Да, я бывал в Филиппах и сидел на вершине древнего амфитеатра.

Да, я бродил в апельсиновых рощах между Филиппами и Кавалой, где промелькнула впервые сама возможность моей будущей жизни. Все это так.

Но теперь, чтобы не переписывать написанное, считайте, что я – это я, а археолог – условность, которая вполне может уступить мне место, была бы моя воля.
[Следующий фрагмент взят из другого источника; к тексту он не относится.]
(* Let $\kappa,\kappa'$ be two functions as in the standing assumptions with $\lim_{t\to\infty}\kappa'(t)/\kappa(t)=0$. Then $\partial_{\kappa'}X_A\subsetneq\partial_\kappa X_A$, i.e. the inclusion is strict.
   Context: $A=\mathbb Z^2*\mathbb Z=\langle g_1,g_2,g_3\mid[g_1,g_2]\rangle$ and $X_A$ is the universal cover of its Salvetti complex: a CAT(0) tree of flats, each flat a Euclidean plane tiled by unit squares (cosets of $\langle g_1,g_2\rangle$), joined by unit-length edges labelled $g_3$ attached at lattice points; base point $\mathfrak o$ a lattice point of a flat at which a $g_3$ edge is attached; $\|x\|=d(\mathfrak o,x)$. For $\lambda:[0,\infty)\to[1,\infty)$ monotone increasing, concave and sublinear, put $\lambda(x)=\lambda(\|x\|)$, $\mathcal N_\lambda(Z,n)=\{x:d(x,Z)\le n\lambda(x)\}$; a closed set $Z$ is $\lambda$--contracting if there is $c_Z$ with $\operatorname{diam}(x_Z\cup y_Z)\le c_Z\lambda(x)$ whenever $d(x,y)\le d(x,Z)$; quasi-geodesic rays are continuous quasi-isometric embeddings of $[0,\infty)$ starting at $\mathfrak o$, two rays $\lambda$--fellow travel if each lies in some $\mathcal N_\lambda(\cdot,n)$ of the other; $\partial_\lambda X_A$ is the set of $\lambda$--fellow-travelling classes of $\lambda$--contracting quasi-geodesic rays (equivalently, the set of $\lambda$--contracting geodesic rays from $\mathfrak o$). *)

theory Defs
  imports "HOL-Analysis.Analysis"
begin

definition setdist_d :: "('a \<Rightarrow> 'a \<Rightarrow> real) \<Rightarrow> 'a \<Rightarrow> 'a set \<Rightarrow> real" where
  "setdist_d d x Z = Inf ((\<lambda>z. d x z) ` Z)"

definition proj_d :: "('a \<Rightarrow> 'a \<Rightarrow> real) \<Rightarrow> 'a \<Rightarrow> 'a set \<Rightarrow> 'a set" where
  "proj_d d x Z = {z \<in> Z. d x z = setdist_d d x Z}"

definition diam_d :: "('a \<Rightarrow> 'a \<Rightarrow> real) \<Rightarrow> 'a set \<Rightarrow> real" where
  "diam_d d S = Sup {d a b | a b. a \<in> S \<and> b \<in> S}"

definition closed_d :: "'a set \<Rightarrow> ('a \<Rightarrow> 'a \<Rightarrow> real) \<Rightarrow> 'a set \<Rightarrow> bool" where
  "closed_d X d Z \<longleftrightarrow> Z \<subseteq> X \<and> (\<forall>x\<in>X. (\<forall>e>0. \<exists>z\<in>Z. d x z < e) \<longrightarrow> x \<in> Z)"

text \<open>Z is lam-contracting; lam(x) means lam(d b x)\<close>
definition contracting :: "'a set \<Rightarrow> ('a \<Rightarrow> 'a \<Rightarrow> real) \<Rightarrow> 'a \<Rightarrow> (real \<Rightarrow> real) \<Rightarrow> 'a set \<Rightarrow> bool" where
  "contracting X d b lam Z \<longleftrightarrow> closed_d X d Z \<and>
     (\<exists>c. \<forall>x\<in>X. \<forall>y\<in>X. d x y \<le> setdist_d d x Z \<longrightarrow>
        diam_d d (proj_d d x Z \<union> proj_d d y Z) \<le> c * lam (d b x))"

definition geo_ray :: "'a set \<Rightarrow> ('a \<Rightarrow> 'a \<Rightarrow> real) \<Rightarrow> 'a \<Rightarrow> (real \<Rightarrow> 'a) \<Rightarrow> bool" where
  "geo_ray X d b \<gamma> \<longleftrightarrow> \<gamma> 0 = b \<and> (\<forall>t\<ge>0. \<gamma> t \<in> X) \<and>
     (\<forall>s\<ge>0. \<forall>t\<ge>0. d (\<gamma> s) (\<gamma> t) = \<bar>s - t\<bar>)"

text \<open>The sublinearly Morse boundary, as the set of (images of) lam-contracting geodesic rays from o.
  A geodesic ray from o is determined by its image.\<close>
definition bdry :: "'a set \<Rightarrow> ('a \<Rightarrow> 'a \<Rightarrow> real) \<Rightarrow> 'a \<Rightarrow> (real \<Rightarrow> real) \<Rightarrow> 'a set set" where
  "bdry X d b lam = {\<gamma> ` {0..} | \<gamma>. geo_ray X d b \<gamma> \<and> contracting X d b lam (\<gamma> ` {0..})}"

text \<open>standing assumptions on lam\<close>
definition admissible :: "(real \<Rightarrow> real) \<Rightarrow> bool" where
  "admissible lam \<longleftrightarrow> mono_on {0..} lam \<and> concave_on {0..} lam \<and> (\<forall>t\<ge>0. 1 \<le> lam t)
     \<and> ((\<lambda>t. lam t / t) \<longlongrightarrow> 0) at_top"

section \<open>The space X_A: universal cover of the Salvetti complex of Z^2 * Z\<close>

text \<open>A flat (coset g<g1,g2>) is coded by a list [(h0,e1),(h1,e2),...,(h_{k-1},e_k)] meaning
  h0 g3^{e1} h1 g3^{e2} ... g3^{ek} <g1,g2>, with h_i in Z^2 and e_i = +1 (True) / -1 (False). A vertex (group element) is a flat plus a lattice
  point of it; the flat is entered via its g3-edge at the origin.\<close>

type_synonym word = "((int \<times> int) \<times> bool) list"

definition reduced :: "word \<Rightarrow> bool" where
  "reduced L \<longleftrightarrow> (\<forall>i. Suc i < length L \<longrightarrow>
      \<not> (fst (L ! Suc i) = (0, 0) \<and> snd (L ! Suc i) \<noteq> snd (L ! i)))"

datatype xa_pt = FP word complex | EP word "int \<times> int" real

definition lat :: "int \<times> int \<Rightarrow> complex" where
  "lat p = Complex (of_int (fst p)) (of_int (snd p))"

text \<open>the endpoint g g3 of the g3-edge leaving the vertex g = (L,p)\<close>
definition edge_target :: "word \<Rightarrow> int \<times> int \<Rightarrow> xa_pt" where
  "edge_target L p = (if L \<noteq> [] \<and> snd (last L) = False \<and> p = (0, 0)
      then FP (butlast L) (lat (fst (last L)))
      else FP (L @ [(p, True)]) 0)"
Воля моя на то есть. И пусть с этой минуты археолог станет лишь литературным приемом и вернет мне раз и навсегда и Бабук, и тетю Нюсю, и тетю Мотю, и тетю Клаву, и моего деда Адама, и вообще все мое детство, отрочество, юность. А старостью я поделюсь с моим двойником-археологом щедро. Ее теперь у меня и на двоих хватит!

XXXVIII

Хороший напиток абрикосовая ракия, хоть и крепче водки, но такой ароматный, что и закусывать не надо. Тем более что я три часа провел в застолье. Теплынь в Филиппах, красота, а у нас в Москве дождь со снегом и темень. Эта вечная темень, когда полгода проходят в ночи, а на белый день выпадают считанные часы. Я был благодарен судьбе за то, что она подарила мне нечаянную радость побывать в Греции, а точнее, вот здесь, между Кавалой и Филиппами, где в апельсиновой роще однажды промелькнул и завязался в клубок сам шанс моего появления на свет Божий.

Не знаю, кто как, а я мало думаю. Не назовешь ведь размышлениями: «А не поесть бы?», «А не позвонить ли Даше?», «А погода поворачивает на зиму», «Симпатичный человек этот Коля», «Когда же, наконец, будут гранки?» и так далее, и тому подобное, – все то, что не зря принято писать сокращенно: и т. д., и т. п. Это я к тому, что очень редко вылезаю из скорлупы текучки и поднимаю голову к небу, не только в прямом, но и в переносном значении этих слов.

А небо над руинами Филипп стояло голубое, высокое, чистое, с одним маленьким белым перышком на севере. Но и это одинокое перистое облачко никак не мешало величию небосвода, а скорее даже подчеркивало его глубину и то ощущение вечности, которое почти непередаваемо словами, лучше о нем просто намекнуть, что я и делаю.

Глядя в небо, я думал о маме, день рождения которой отмечал здесь и сейчас на вершине амфитеатра. Думал об Аде, вспомнил, какой отважный, нет, не просто отважный, а, как бы сказать… наверное, невероятно дерзкий был он человек. Вспомнил, как однажды, после войны, когда мне было лет семь, мы с Адой ранним весенним утром почему-то сначала оказались на железнодорожном перроне, где не было ни души и сильно пахло мазутом, а потом вошли в переполненное здание вокзала, широкие двери которого стояли распахнутые настежь. Что это был за город, что за станция? Я не помню. Помню, что зал был немаленьким, с высокими сводчатыми потолками, с пузатым баком для кипятка, который, как я и тогда знал, назывался титаном. А к тому титану была прикручена на цепи помятая алюминиевая кружка, чтобы народу было веселей и надежней разливать кипяток по своим посудинкам, чтобы народ-победитель ни в чем себе не отказывал, жил широко.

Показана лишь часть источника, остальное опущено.